First, disconnect from the internet. Pull the ethernet cable or turn off Wi-Fi. This stops any active malware from phoning home, downloading more payloads, or exfiltrating data. It also prevents reinfection during cleanup. This step is non-negotiable and it's the one most people skip.
Reboot into Safe Mode with Networking. On Windows 11: Settings → System → Recovery → Advanced startup → Restart now → Troubleshoot → Advanced options → Startup Settings → Restart → press 5. Most modern malware doesn't load its persistence mechanisms in Safe Mode, which makes it much easier to remove.
Run Windows Defender Offline Scan. Open Windows Security → Virus & threat protection → Scan options → Microsoft Defender Offline scan. This reboots into a minimal environment before Windows loads, so rootkits and active processes can't hide from it. It takes about 15 minutes and is genuinely one of the most effective free scanners available.
Now run Malwarebytes Free. Download it from malwarebytes.com directly — not from a third-party site, those are often poisoned. Run a full threat scan. Malwarebytes is particularly good at catching PUPs (potentially unwanted programs), adware, and the junk that bundled installers leave behind. Quarantine everything it finds and reboot.

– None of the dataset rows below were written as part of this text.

(* Let the functions satisfy the $M=2$ system and the boundary conditions (B) (see context), and assume $\eta_0'(s)\neq0$ for $s>0$. Define $F:=-3x_0y_1-3x_1y_2-e_1x_0y_2$. Then $$F^2=4e_1^2(\eta_0')^2-12e_2(\eta_0')^2+12\eta_0(\eta_0')^2-36s(\eta_0')^3+9s^2(\eta_0'')^2-12s\eta_0'\big(\eta_0''+s\eta_0'''\big).$$
   Context: Fix complex parameters $\nu_0,\nu_1,\nu_2$ with $\nu_2-\nu_1\notin\mathbb Z$, and let $e_1=\nu_0+\nu_1+\nu_2$, $e_2=\nu_0\nu_1+\nu_0\nu_2+\nu_1\nu_2$, $e_3=\nu_0\nu_1\nu_2$. The $M=2$ system is the following system for smooth complex-valued functions $x_0,x_1,x_2,y_0,y_1,y_2,\xi_0,\xi_1,\xi_2,\eta_0,\eta_1,\eta_2$ of $s\in(0,\infty)$, with $'=d/ds$: $sx_0'=-\eta_0x_0-x_1$, $sx_1'=-\eta_1x_0-x_2$, $sx_2'=-\eta_2x_0-sx_0+\xi_0x_0+\xi_1x_1+\xi_2x_2$, $sy_2'=-\xi_2y_2+y_1$, $sy_1'=-\xi_1y_2+y_0$, $sy_0'=-\xi_0y_2+sy_2+\eta_0y_0+\eta_1y_1+\eta_2y_2$, $\xi_0'=-x_0y_0$, $\xi_1'=-x_0y_1$, $\xi_2'=-x_0y_2$, $\eta_0'=-x_0y_2$, $\eta_1'=-x_1y_2$, $\eta_2'=-x_2y_2$. Boundary conditions (B): as $s\to0^+$, $\eta_0,\eta_1,\eta_2\to0$, $\xi_0\to-e_3$, $\xi_1\to e_2$, $\xi_2\to-e_1$, and $x_j(s)y_k(s)\to0$, $s\,x_j(s)y_k(s)\to0$ for all $j,k\in\{0,1,2\}$. *)

theory Defs
  imports "HOL-Analysis.Analysis"
begin

abbreviation dv :: "(real \<Rightarrow> complex) \<Rightarrow> real \<Rightarrow> complex" where
  "dv f s \<equiv> vector_derivative f (at s)"

end

theory Submission
  imports Defs
begin

text \<open>Along solutions of the system, \<open>\<xi>2 - \<eta>0\<close>, \<open>x0 y0 + x1 y1 + x2 y2\<close> and
  \<open>\<eta>1 - \<xi>2 + \<xi>2 \<eta>0 - \<xi>1 - s x0 y2\<close> have zero derivative, so by (B) they are the constants
  \<open>-e1\<close>, \<open>0\<close> and \<open>e1 - e2\<close>. Differentiating \<open>\<eta>0' = -x0 y2\<close> and eliminating the derivatives
  of the \<open>x\<close>'s and \<open>y\<close>'s with the system expresses \<open>s \<eta>0''\<close> and \<open>s\<^sup>2 \<eta>0'''\<close> as polynomials
  in the unknowns; modulo the three first integrals the claimed formula is then a polynomial
  identity.\<close>

lemma eq_limit_at_right_if_vector_derivative_zero:
  fixes f :: "real \<Rightarrow> 'a::real_normed_vector"
  assumes deriv: "\<And>t. t > 0 \<Longrightarrow> (f has_vector_derivative 0) (at t)"
    and lim: "(f \<longlongrightarrow> c) (at_right 0)"
    and "s > 0"
  shows "f s = c"
proof -
  obtain k where k: "\<And>t. t \<in> {0<..} \<Longrightarrow> f t = k"
    using has_vector_derivative_zero_constant[of "{0<..}" f] deriv
    by (metis convex_real_interval(3) greaterThan_iff has_vector_derivative_at_within)
  have "eventually (\<lambda>t. f t = k) (at_right 0)"
    using eventually_at_right_less[of 0] by eventually_elim (simp add: k)
  then have "(f \<longlongrightarrow> k) (at_right 0)"
    by (rule tendsto_eventually)
  with lim have "c = k"
    using tendsto_unique[OF trivial_limit_at_right_real] by blast
  with k \<open>s > 0\<close> show ?thesis by simp
qed

lemma vector_derivative_cong_open:
  assumes "open S" "s \<in> S" "\<And>t. t \<in> S \<Longrightarrow> f t = g t"
  shows "dv f s = dv g s"
  using assms by (intro vector_derivative_cong_eq) (auto simp: eventually_nhds)

lemma vector_derivative_divide_of_real:
  fixes g :: "real \<Rightarrow> complex"
  assumes f: "\<And>t. t > 0 \<Longrightarrow> f t = g t / of_real t"
    and g: "g differentiable (at s)" and "s > 0"
  shows "of_real s ^ 2 * dv f s = of_real s * dv g s - g s"
proof -
  have "((\<lambda>t. g t * of_real (inverse t)) has_vector_derivative
          g s * of_real (- (inverse s ^ 2)) + dv g s * of_real (inverse s)) (at s)"
    using g \<open>s > 0\<close>
    by (intro has_vector_derivative_mult has_vector_derivative_of_real DERIV_inverse[folded numeral_2_eq_2])
       (auto simp: vector_derivative_works[symmetric])
  moreover have "dv f s = dv (\<lambda>t. g t * of_real (inverse t)) s"
    using \<open>s > 0\<close> f
    by (intro vector_derivative_cong_open[of "{0<..}"]) (auto simp: divide_inverse)
  ultimately have "dv f s = g s * of_real (- (inverse s ^ 2)) + dv g s * of_real (inverse s)"
    by (simp add: vector_derivative_at)
  with \<open>s > 0\<close> show ?thesis
    by (simp add: field_simps power2_eq_square)
qed

locale M2_system =
  fixes x0 x1 x2 y0 y1 y2 \<xi>0 \<xi>1 \<xi>2 \<eta>0 \<eta>1 \<eta>2 :: "real \<Rightarrow> complex"
  assumes differentiable: "\<And>s f. s > 0 \<Longrightarrow>
      f \<in> {x0, x1, x2, y0, y1, y2, \<xi>0, \<xi>1, \<xi>2, \<eta>0, \<eta>1, \<eta>2} \<Longrightarrow> f differentiable (at s)"
    and x0_ode: "\<And>s. s > 0 \<Longrightarrow> of_real s * dv x0 s = - \<eta>0 s * x0 s - x1 s"
    and x1_ode: "\<And>s. s > 0 \<Longrightarrow> of_real s * dv x1 s = - \<eta>1 s * x0 s - x2 s"
    and x2_ode: "\<And>s. s > 0 \<Longrightarrow> of_real s * dv x2 s = - \<eta>2 s * x0 s - of_real s * x0 s
                                     + \<xi>0 s * x0 s + \<xi>1 s * x1 s + \<xi>2 s * x2 s"
    and y2_ode: "\<And>s. s > 0 \<Longrightarrow> of_real s * dv y2 s = - \<xi>2 s * y2 s + y1 s"
    and y1_ode: "\<And>s. s > 0 \<Longrightarrow> of_real s * dv y1 s = - \<xi>1 s * y2 s + y0 s"
    and y0_ode: "\<And>s. s > 0 \<Longrightarrow> of_real s * dv y0 s = - \<xi>0 s * y2 s + of_real s * y2 s
                                     + \<eta>0 s * y0 s + \<eta>1 s * y1 s + \<eta>2 s * y2 s"
    and \<xi>0_ode: "\<And>s. s > 0 \<Longrightarrow> dv \<xi>0 s = - x0 s * y0 s"
    and \<xi>1_ode: "\<And>s. s > 0 \<Longrightarrow> dv \<xi>1 s = - x0 s * y1 s"
    and \<xi>2_ode: "\<And>s. s > 0 \<Longrightarrow> dv \<xi>2 s = - x0 s * y2 s"
    and \<eta>0_ode: "\<And>s. s > 0 \<Longrightarrow> dv \<eta>0 s = - x0 s * y2 s"
    and \<eta>1_ode: "\<And>s. s > 0 \<Longrightarrow> dv \<eta>1 s = - x1 s * y2 s"
    and \<eta>2_ode: "\<And>s. s > 0 \<Longrightarrow> dv \<eta>2 s = - x2 s * y2 s"
begin

lemma has_vector_derivative_components:
  assumes "s > 0"
  shows "(x0 has_vector_derivative dv x0 s) (at s)" "(x1 has_vector_derivative dv x1 s) (at s)"
    "(x2 has_vector_derivative dv x2 s) (at s)" "(y0 has_vector_derivative dv y0 s) (at s)"
    "(y1 has_vector_derivative dv y1 s) (at s)" "(y2 has_vector_derivative dv y2 s) (at s)"
    "(\<xi>0 has_vector_derivative dv \<xi>0 s) (at s)" "(\<xi>1 has_vector_derivative dv \<xi>1 s) (at s)"
    "(\<xi>2 has_vector_derivative dv \<xi>2 s) (at s)" "(\<eta>0 has_vector_derivative dv \<eta>0 s) (at s)"
    "(\<eta>1 has_vector_derivative dv \<eta>1 s) (at s)" "(\<eta>2 has_vector_derivative dv \<eta>2 s) (at s)"
  using differentiable[OF assms] by (simp_all add: vector_derivative_works[symmetric])

lemma \<xi>2_eq_\<eta>0_minus_e1:
  assumes "(\<xi>2 \<longlongrightarrow> - e1) (at_right 0)" "(\<eta>0 \<longlongrightarrow> 0) (at_right 0)" "s > 0"
  shows "\<xi>2 s = \<eta>0 s - e1"
proof -
  have "\<xi>2 s - \<eta>0 s = - e1"
  proof (rule eq_limit_at_right_if_vector_derivative_zero[where f = "\<lambda>t. \<xi>2 t - \<eta>0 t"])
    fix t :: real assume "t > 0"
    then show "((\<lambda>t. \<xi>2 t - \<eta>0 t) has_vector_derivative 0) (at t)"
      using has_vector_derivative_diff[OF has_vector_derivative_components(9,10)]
      by (simp add: \<xi>2_ode \<eta>0_ode)
  qed (use assms tendsto_diff[OF assms(1,2)] in simp_all)
  then show ?thesis by (simp add: algebra_simps)
qed

lemma trace_xy_eq_0:
  assumes "((\<lambda>t. x0 t * y0 t) \<longlongrightarrow> 0) (at_right 0)" "((\<lambda>t. x1 t * y1 t) \<longlongrightarrow> 0) (at_right 0)"
    "((\<lambda>t. x2 t * y2 t) \<longlongrightarrow> 0) (at_right 0)" "s > 0"
  shows "x0 s * y0 s + x1 s * y1 s + x2 s * y2 s = 0"
proof (rule eq_limit_at_right_if_vector_derivative_zero)
  fix t :: real assume t: "t > 0"
  let ?D = "x0 t * dv y0 t + dv x0 t * y0 t + (x1 t * dv y1 t + dv x1 t * y1 t)
            + (x2 t * dv y2 t + dv x2 t * y2 t)"
  have "((\<lambda>t. x0 t * y0 t + x1 t * y1 t + x2 t * y2 t) has_vector_derivative ?D) (at t)"
    using t by (intro has_vector_derivative_add has_vector_derivative_mult has_vector_derivative_components)
  moreover have "of_real t * ?D = 0"
  proof -
    have "of_real t * ?D = x0 t * (of_real t * dv y0 t) + (of_real t * dv x0 t) * y0 t
        + x1 t * (of_real t * dv y1 t) + (of_real t * dv x1 t) * y1 t
        + x2 t * (of_real t * dv y2 t) + (of_real t * dv x2 t) * y2 t"
      by (simp add: algebra_simps)
    also have "\<dots> = 0"
      using t by (simp add: x0_ode x1_ode x2_ode y0_ode y1_ode y2_ode algebra_simps)
    finally show ?thesis .
  qed
  ultimately show "((\<lambda>t. x0 t * y0 t + x1 t * y1 t + x2 t * y2 t) has_vector_derivative 0) (at t)"
    using t by simp
qed (use assms tendsto_add[OF tendsto_add[OF assms(1,2)] assms(3)] in simp_all)

lemma \<xi>1_first_integral:
  assumes "(\<eta>0 \<longlongrightarrow> 0) (at_right 0)" "(\<eta>1 \<longlongrightarrow> 0) (at_right 0)"
    "(\<xi>1 \<longlongrightarrow> e2) (at_right 0)" "(\<xi>2 \<longlongrightarrow> - e1) (at_right 0)"
    "((\<lambda>t. of_real t * x0 t * y2 t) \<longlongrightarrow> 0) (at_right 0)" "s > 0"
  shows "\<xi>1 s = \<eta>1 s - \<xi>2 s + \<xi>2 s * \<eta>0 s - of_real s * x0 s * y2 s - (e1 - e2)"
proof -
  let ?I = "\<lambda>t. \<eta>1 t - \<xi>2 t + \<xi>2 t * \<eta>0 t - \<xi>1 t - of_real t * x0 t * y2 t"
  have "?I s = e1 - e2"
  proof (rule eq_limit_at_right_if_vector_derivative_zero)
    fix t :: real assume t: "t > 0"
    let ?D = "dv \<eta>1 t - dv \<xi>2 t + (\<xi>2 t * dv \<eta>0 t + dv \<xi>2 t * \<eta>0 t) - dv \<xi>1 t
              - (x0 t * y2 t + (x0 t * (of_real t * dv y2 t) + (of_real t * dv x0 t) * y2 t))"
    have "(?I has_vector_derivative ?D) (at t)"
    proof -
      have "((\<lambda>t. of_real t :: complex) has_vector_derivative 1) (at t)"
        using has_vector_derivative_of_real[OF DERIV_ident] by simp
      then have "(?I has_vector_derivative
          dv \<eta>1 t - dv \<xi>2 t + (\<xi>2 t * dv \<eta>0 t + dv \<xi>2 t * \<eta>0 t) - dv \<xi>1 t
          - (of_real t * x0 t * dv y2 t + (of_real t * dv x0 t + 1 * x0 t) * y2 t)) (at t)"
        using t by (intro has_vector_derivative_add has_vector_derivative_diff
            has_vector_derivative_mult has_vector_derivative_components)
      then show ?thesis by (simp add: algebra_simps)
    qed
    moreover have "?D = 0"
      using t by (simp add: x0_ode y2_ode \<xi>1_ode \<xi>2_ode \<eta>0_ode \<eta>1_ode algebra_simps)
    ultimately show "(?I has_vector_derivative 0) (at t)" by simp
  next
    have "(?I \<longlongrightarrow> 0 - (- e1) + (- e1) * 0 - e2 - 0) (at_right 0)"
      using assms by (intro tendsto_intros)
    then show "(?I \<longlongrightarrow> e1 - e2) (at_right 0)" by simp
  qed fact
  then show ?thesis by (simp add: algebra_simps)
qed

For browser hijackers specifically, reset your browser. In Chrome: Settings → Reset settings → Restore settings to their original defaults. Edge and Firefox have similar options. This clears out malicious extensions, modified search providers, and injected startup tabs. Then go into extensions and uninstall anything you don't recognize.
Change your passwords from a different, known-clean device. Start with email, banking, and anywhere you have payment info saved. If you reused passwords anywhere, assume those accounts are also compromised. A password manager — Bitwarden is free — prevents this problem from ever happening again.
If the machine is still behaving oddly after all of that, it's time to nuke and pave. Back up your documents to an external drive (not your files — the drive itself may be compromised; use a fresh OS to scan those files before opening them), then do a full Windows reset with the 'Remove everything' option. It's a hassle, but it's the only way to be truly sure.